Here is the screen output:

ext3_reserve_inode_write: failed
Assertion failure in journal_dirty_metadata_Rsmp_38f0f21a() at
transaction.c:1094: "jh->b_next_transaction == transaction"
invalid operand: 0000
CPU:    2
EIP:    0010:[<f8853451>]
EFLAGS: 00010282
eax: 00000022   ebx: ea50e454   ecx: c02b4080   edx: 000046e2
esi: eea01544   edi: f7f2f800   ebp: f7d0326c   esp: efa1bd14
ds: 0018   es: 0018   ss: 0018
Process cp (pid: 1141, stackpage=efa1b000)
Stack: f885c520 00000446 001c90fe f6ab0000 d6a8b000 00000000 f8862518 f7d0326c
       d1665274 00001000 00000000 f6a48400 f6097720 000010fe 00000039 d1665274
       f7fd0784 00000008 f6ba1400 00000000 00000001 f7d0326c 00001000 001c90ed
Call Trace: [<c014af52>] [<c014b7d1>] [<c014c1e2>] [<c0136798>] [<c0134480>]
   [<c0146b06>] [<c0114959>] [<c010772b>]

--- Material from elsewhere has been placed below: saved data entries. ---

lemma growth_exponent_le_order_exponents:
  assumes "0 < \<beta>" "0 < b"
    and lower: "\<And>R. \<exists>z. R \<le> norm z \<and> \<beta> * exp (b * norm z powr \<rho>) \<le> norm (f z)"
    and a: "a \<in> order_exponents f"
  shows "\<rho> \<le> a"
proof (rule ccontr)
  assume "\<not> \<rho> \<le> a"
  moreover obtain C where "0 < a" and C: "\<And>z. C \<le> norm z \<Longrightarrow> norm (f z) \<le> exp (norm z powr a)"
    using a unfolding order_exponents_def by auto
  ultimately have "eventually (\<lambda>r. (1 - ln \<beta>) / b + 1 / b * r powr a \<le> r powr \<rho>) at_top"
    by (intro eventually_le_powr_at_top) auto
  then obtain R where R: "\<And>r. r \<ge> R \<Longrightarrow> (1 - ln \<beta>) / b + 1 / b * r powr a \<le> r powr \<rho>"
    unfolding eventually_at_top_linorder by auto
  obtain z where z: "max R C \<le> norm z" "\<beta> * exp (b * norm z powr \<rho>) \<le> norm (f z)"
    using lower by blast
  have "(1 - ln \<beta> + norm z powr a) / b \<le> norm z powr \<rho>"
    using R[of "norm z"] z(1) by (simp add: add_divide_distrib)
  then have "1 - ln \<beta> + norm z powr a \<le> b * norm z powr \<rho>"
    using \<open>0 < b\<close> by (simp add: pos_divide_le_eq mult.commute)
  then have "exp (norm z powr a) < exp (ln \<beta> + b * norm z powr \<rho>)"
    by simp
  also have "\<dots> \<le> norm (f z)"
    using z(2) \<open>0 < \<beta>\<close> by (simp add: exp_add)
  also have "\<dots> \<le> exp (norm z powr a)"
    using C z(1) by simp
  finally show False by simp
qed

lemma entire_order_eqI:
  assumes "\<And>a. \<rho> < a \<Longrightarrow> a \<in> order_exponents f" "\<And>a. a \<in> order_exponents f \<Longrightarrow> \<rho> \<le> a"
  shows "entire_order f = \<rho>"
  unfolding entire_order_def
proof (rule cInf_eq)
  fix y assume "\<And>a. a \<in> order_exponents f \<Longrightarrow> y \<le> a"
  then show "y \<le> \<rho>"
    using assms(1) by (blast intro: dense_ge)
qed (use assms(2) in blast)

lemma has_finite_typeI:
  assumes "0 \<le> \<rho>" "0 < K" "\<And>z. norm (f z) \<le> K * exp (B * norm z powr \<rho>)"
  shows "has_finite_type f \<rho>"
  unfolding has_finite_type_def
proof (intro exI allI impI)
  fix z :: complex assume z: "1 \<le> norm z"
  then have r: "1 \<le> norm z powr \<rho>"
    using assms(1) by (simp add: ge_one_powr_ge_zero)
  have "norm (f z) \<le> exp (ln K + B * norm z powr \<rho>)"
    using assms(3)[of z] assms(2) by (simp add: exp_add)
  also have "ln K + B * norm z powr \<rho> \<le> (\<bar>ln K\<bar> + \<bar>B\<bar>) * norm z powr \<rho>"
  proof -
    have "ln K \<le> \<bar>ln K\<bar> * norm z powr \<rho>"
      using abs_ge_self[of "ln K"] mult_left_mono[OF r, of "\<bar>ln K\<bar>"] by simp
    moreover have "B * norm z powr \<rho> \<le> \<bar>B\<bar> * norm z powr \<rho>"
      by (intro mult_right_mono) auto
    ultimately show ?thesis by (simp add: distrib_right)
  qed
  finally show "norm (f z) \<le> exp ((\<bar>ln K\<bar> + \<bar>B\<bar>) * norm z powr \<rho>)"
    by simp
qed

lemma order_and_type_of_growth_bounds:
  assumes "0 < \<rho>" "0 < K" and upper: "\<And>z. norm (f z) \<le> K * exp (B * norm z powr \<rho>)"
    and "0 < \<beta>" "0 < b"
    and lower: "\<And>R. \<exists>z. R \<le> norm z \<and> \<beta> * exp (b * norm z powr \<rho>) \<le> norm (f z)"
  shows "has_finite_order f \<and> entire_order f = \<rho> \<and> has_finite_type f \<rho>"
proof (intro conjI)
  have mem: "a \<in> order_exponents f" if "\<rho> < a" for a
    by (rule mem_order_exponentsI[OF assms(1) that assms(2) upper])
  then show "has_finite_order f"
    unfolding has_finite_order_def using gt_ex[of \<rho>] by blast
  show "entire_order f = \<rho>"
    using mem growth_exponent_le_order_exponents[OF assms(4,5) lower] by (rule entire_order_eqI)
  show "has_finite_type f \<rho>"
    using assms(1) by (intro has_finite_typeI[OF _ assms(2) upper]) simp
qed

section \<open>Generalized Laguerre polynomials with parameter in (-1, 0]\<close>

lemma gbinomial_shifted_eq_prod:
  "(real k + a) gchoose j = (\<Prod>i<j. real k + a - real j + 1 + real i) / fact j"
  by (simp add: gbinomial_pochhammer' pochhammer_prod atLeast0LessThan)

lemma gbinomial_shifted_pos:
  fixes a :: real
  assumes "-1 < a" "j \<le> k"
  shows "0 < (real k + a) gchoose j"
  unfolding gbinomial_shifted_eq_prod using assms by (intro divide_pos_pos prod_pos) auto

lemma gbinomial_shifted_le_binomial:
  fixes a :: real
  assumes "-1 < a" "a \<le> 0" "j \<le> k"
  shows "(real k + a) gchoose j \<le> real (k choose j)"
proof -
  have "real (k choose j) = (real k + 0) gchoose j"
    by (simp add: binomial_gbinomial)
  then show ?thesis
    unfolding gbinomial_shifted_eq_prod using assms
    by (simp only:) (intro divide_right_mono prod_mono; auto)
qed

lemma gbinomial_shifted_le_pow2:
  fixes a :: real
  assumes "-1 < a" "a \<le> 0" "j \<le> k"
  shows "(real k + a) gchoose j \<le> 2 ^ k"
proof -
  have "(real k + a) gchoose j \<le> real (k choose j)"
    using assms by (rule gbinomial_shifted_le_binomial)
  also have "\<dots> \<le> 2 ^ k"
    using binomial_le_pow2[of k j] by (simp flip: of_nat_power)
  finally show ?thesis .
qed

lemma gbinomial_shifted_diag_ge:
  fixes a :: real
  assumes "-1/2 \<le> a"
  shows "(1/2) ^ k \<le> (real k + a) gchoose k"
proof -
  have "fact k = (\<Prod>i<k. 1 + real i)"
    by (simp add: pochhammer_fact pochhammer_prod atLeast0LessThan)
  then have "(1/2) ^ k * fact k = (\<Prod>i<k. (1/2) * (1 + real i))"
    by (simp only: prod.distrib prod_constant card_lessThan)
  also have "\<dots> \<le> (\<Prod>i<k. a + 1 + real i)"
    using assms by (intro prod_mono) auto
  finally show ?thesis
    unfolding gbinomial_shifted_eq_prod by (simp add: field_simps)
qed

lemma sum_power_div_fact_le_exp:
  fixes y :: real
  assumes "0 \<le> y"
  shows "(\<Sum>i\<le>k. y ^ i / fact i) \<le> exp y"
proof -
  have s: "(\<lambda>i. y ^ i / fact i) sums exp y"
    using exp_converges[of y] by (simp add: field_simps)
  have "(\<Sum>i\<le>k. y ^ i / fact i) \<le> (\<Sum>i. y ^ i / fact i)"
    by (rule sum_le_suminf) (use s assms in \<open>auto simp: sums_iff\<close>)
  then show ?thesis
    using s by (simp add: sums_iff)
qed

lemma gen_laguerre_at_0: "gen_laguerre k a 0 = complex_of_real ((real k + a) gchoose k)"
  unfolding gen_laguerre_def by (subst sum.remove[of _ 0]) (auto simp: power_0_left)

lemma norm_gen_laguerre_term_le:
  fixes a :: real
  assumes "-1 < a" "a \<le> 0" "i \<le> k"
  shows "norm (complex_of_real ((-1) ^ i * ((real k + a) gchoose (k - i)) / fact i) * x ^ i)
           \<le> 2 ^ k * (norm x ^ i / fact i)"
proof -
  have "norm (complex_of_real ((-1) ^ i * ((real k + a) gchoose (k - i)) / fact i) * x ^ i)
      = \<bar>(real k + a) gchoose (k - i)\<bar> * (norm x ^ i / fact i)"
    unfolding norm_mult norm_of_real norm_power by (simp add: abs_mult power_abs)
  also have "\<dots> \<le> 2 ^ k * (norm x ^ i / fact i)"
    using assms gbinomial_shifted_pos[OF assms(1), of "k - i" k]
    by (intro mult_right_mono) (auto intro: gbinomial_shifted_le_pow2)
  finally show ?thesis .
qed

lemma norm_gen_laguerre_le:
  fixes a :: real
  assumes "-1 < a" "a \<le> 0"
  shows "norm (gen_laguerre k a x) \<le> 2 ^ k * exp (norm x)"
proof -
  have "norm (gen_laguerre k a x) \<le> (\<Sum>i\<le>k. 2 ^ k * (norm x ^ i / fact i))"
    unfolding gen_laguerre_def using assms
    by (intro order_trans[OF norm_sum] sum_mono norm_gen_laguerre_term_le) auto
  also have "\<dots> = 2 ^ k * (\<Sum>i\<le>k. norm x ^ i / fact i)"
    by (simp add: sum_distrib_left)
  also have "\<dots> \<le> 2 ^ k * exp (norm x)"
    by (intro mult_left_mono sum_power_div_fact_le_exp) auto
  finally show ?thesis .
qed

lemma norm_gen_laguerre_sub_at_0_le:
  fixes a :: real
  assumes "-1 < a" "a \<le> 0" "norm x \<le> 1"
  shows "norm (gen_laguerre k a x - gen_laguerre k a 0) \<le> real k * 2 ^ k * norm x"
proof -
  define t where "t i = complex_of_real ((-1) ^ i * ((real k + a) gchoose (k - i)) / fact i) * x ^ i"
    for i
  have "gen_laguerre k a x - gen_laguerre k a 0 = (\<Sum>i\<in>{1..k}. t i)"
    unfolding gen_laguerre_def atMost_atLeast0
    by (simp add: sum.atLeast_Suc_atMost gen_laguerre_at_0 t_def)
  also have "norm \<dots> \<le> (\<Sum>i\<in>{1..k}. 2 ^ k * norm x)"
  proof (intro order_trans[OF norm_sum] sum_mono)
    fix i assume i: "i \<in> {1..k}"
    have "norm x ^ i / fact i \<le> norm x ^ i"
      by (simp add: divide_le_eq mult_le_cancel_left1)
    also have "\<dots> \<le> norm x"
      using i assms(3) power_decreasing[of 1 i "norm x"] by simp
    finally have "2 ^ k * (norm x ^ i / fact i) \<le> 2 ^ k * norm x"
      by (rule mult_left_mono) simp
    then show "norm (t i) \<le> 2 ^ k * norm x"
      unfolding t_def using i assms(1,2) by (meson atLeastAtMost_iff norm_gen_laguerre_term_le order_trans)
  qed
  also have "\<dots> = real k * 2 ^ k * norm x"
    by simp
  finally show ?thesis .
qed
(* Let $\varphi=\mathrm{vec}(A)$, $\varphi_0=\mathrm{vec}(A_0)$ with $A,A_0\in\mathbb{R}^{(p-r)\times r}$, $\|A\|_2<1$, $\|A_0\|_2<1$. If $$\|\sin\Theta\{U(\varphi),U(\varphi_0)\}\|_F\le\frac{(1-\|A_0\|_2^2)^2}{8(1+\|A_0\|_2^2)^2},$$ then $$\|\varphi-\varphi_0\|_2\le\sqrt2\Big\{1+\frac{32\sqrt2(1+\|A_0\|_2^2)^2}{(1-\|A_0\|_2^2)^2}\Big\}\|\sin\Theta\{U(\varphi),U(\varphi_0)\}\|_F .$$ Moreover, for all such $\varphi,\varphi_0$, $\|\sin\Theta\{U(\varphi),U(\varphi_0)\}\|_F\le4\|\varphi-\varphi_0\|_2$.
   Context: Fix $1\le r\le p$. For $A\in\mathbb{R}^{(p-r)\times r}$, $\varphi=\mathrm{vec}(A)$, $X_\varphi=\begin{bmatrix}0_{r\times r}&-A^{T}\\ A&0\end{bmatrix}$, $I_{p\times r}=\begin{bmatrix}I_r\\0\end{bmatrix}$, and $U(\varphi)=(I_p+X_\varphi)(I_p-X_\varphi)^{-1}I_{p\times r}\in\mathbb{O}(p,r)$ (Cayley parameterization; $\mathbb{O}(p,r)$ = $p\times r$ matrices with orthonormal columns). For $U,V\in\mathbb{O}(p,r)$ with singular values $\sigma_1\ge\dots\ge\sigma_r$ of $U^TV$, the canonical angles are $\theta_i=\arccos\sigma_i$ and $\|\sin\Theta(U,V)\|_F=(\sum_{i=1}^r\sin^2\theta_i)^{1/2}$. *)

theory Defs
  imports "Jordan_Normal_Form.Char_Poly" "HOL-Computational_Algebra.Polynomial"
begin

definition vnorm2 :: "real vec \<Rightarrow> real" where
  "vnorm2 x = sqrt (\<Sum>i<dim_vec x. (x $ i)\<^sup>2)"

definition spec_norm :: "real mat \<Rightarrow> real" where
  "spec_norm A = Sup {vnorm2 (A *\<^sub>v x) | x. x \<in> carrier_vec (dim_col A) \<and> vnorm2 x = 1}"

definition vecm :: "real mat \<Rightarrow> real vec" where
  "vecm A = vec (dim_row A * dim_col A) (\<lambda>k. A $$ (k mod dim_row A, k div dim_row A))"

definition singular_values :: "real mat \<Rightarrow> real multiset" where
  "singular_values M = image_mset sqrt (proots (char_poly (transpose_mat M * M)))"

definition sinTheta_F :: "real mat \<Rightarrow> real mat \<Rightarrow> real" where
  "sinTheta_F U V = sqrt (\<Sum>\<sigma>\<in>#singular_values (transpose_mat U * V). (sin (arccos \<sigma>))\<^sup>2)"

definition Xmat :: "real mat \<Rightarrow> real mat" where
  "Xmat A = four_block_mat (0\<^sub>m (dim_col A) (dim_col A)) (- transpose_mat A)
                           A (0\<^sub>m (dim_row A) (dim_row A))"

definition minv :: "real mat \<Rightarrow> real mat" where
  "minv M = (SOME B. B \<in> carrier_mat (dim_row M) (dim_row M) \<and>
                     B * M = 1\<^sub>m (dim_row M) \<and> M * B = 1\<^sub>m (dim_row M))"

definition Ipr :: "nat \<Rightarrow> nat \<Rightarrow> real mat" where
  "Ipr p r = mat p r (\<lambda>(i,j). if i = j then 1 else 0)"

(* Cayley parameterisation U(\<phi>), \<phi> = vec(A), A of size (p-r) x r, p = (p-r)+r *)
definition cayleyU :: "real mat \<Rightarrow> real mat" where
  "cayleyU A = (let p = dim_row A + dim_col A; r = dim_col A; X = Xmat A in
      (1\<^sub>m p + X) * minv (1\<^sub>m p - X) * Ipr p r)"

end

theory Submission
  imports Defs "Jordan_Normal_Form.Schur_Decomposition"
begin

Code: 0f 0b 59 5b eb 4a 8b 53 0c 85 d2 74 34 68 06 cc 85 f8 68 52
 <0>Assertion failure in journal_start_Rsmp_5c4f038c() at
transaction.c:219: "handle->h_transaction->t_journal == journal"
kernel BUG at transaction.c:219!
invalid operand: 0000
CPU:    2
EIP:    0010:[<f885132a>]
EFLAGS: 00010286
eax: 00000021   ebx: f7d0326c   ecx: c02b4080   edx: 00004a6f
esi: efa1a000   edi: f60a32b0   ebp: f6b8a800   esp: efa1baac
ds: 0018   es: 0018   ss: 0018
Process cp (pid: 1141, stackpage=efa1b000)
Stack: f885c520 000000db f7d0326c f60a32b0 f7d0326c f60a32b0 efa1bb70 f8866cb2
       f6b8a800 00000001 f60a32b0 00000001 f609b800 c016247a f60a32b0 efa1a000
       fffff000 00000000 c0136637 f60a32b0 00000001 c6a50000 00000000 00000006
Call Trace: [<c016247a>] [<c0136637>] [<c01d6412>] [<c0125ec9>] [<c0125fb8>]
   [<c0121f2b>] [<c0250018>] [<c0107d0b>] [<c0107f50>] [<c0107fd1>]
[<c019786d>]
   [<c019cf62>] [<c019cf88>] [<c02471f9>] [<c011e5fb>] [<c011e99b>]
[<c0107828>]
   [<c014af52>] [<c014b7d1>] [<c014c1e2>] [<c0136798>] [<c0134480>]
[<c0146b06>]
   [<c0114959>] [<c010772b>]

Code: 0f 0b 5d 58 ff 43 08 eb 5f 68 f0 00 00 00 6a 10 e8 01 92 8e



How reproducible:
Always

Steps to Reproduce:
1.Install beta2 on described configuration w/ ext3 filesystems
2.Generate fairly heavy disk IO while running enterprise kernel
3.Look for eventual kernel panic
	

Actual Results:  Kernel panic		

Expected Results:  No kernel panic

Additional info:

Problem seen first on enterprise kernel w/ AMI raid.
As we move through our test plan, we will look for this error on UP and SMP
kernels, and on Adaptec Raid and straight scsi.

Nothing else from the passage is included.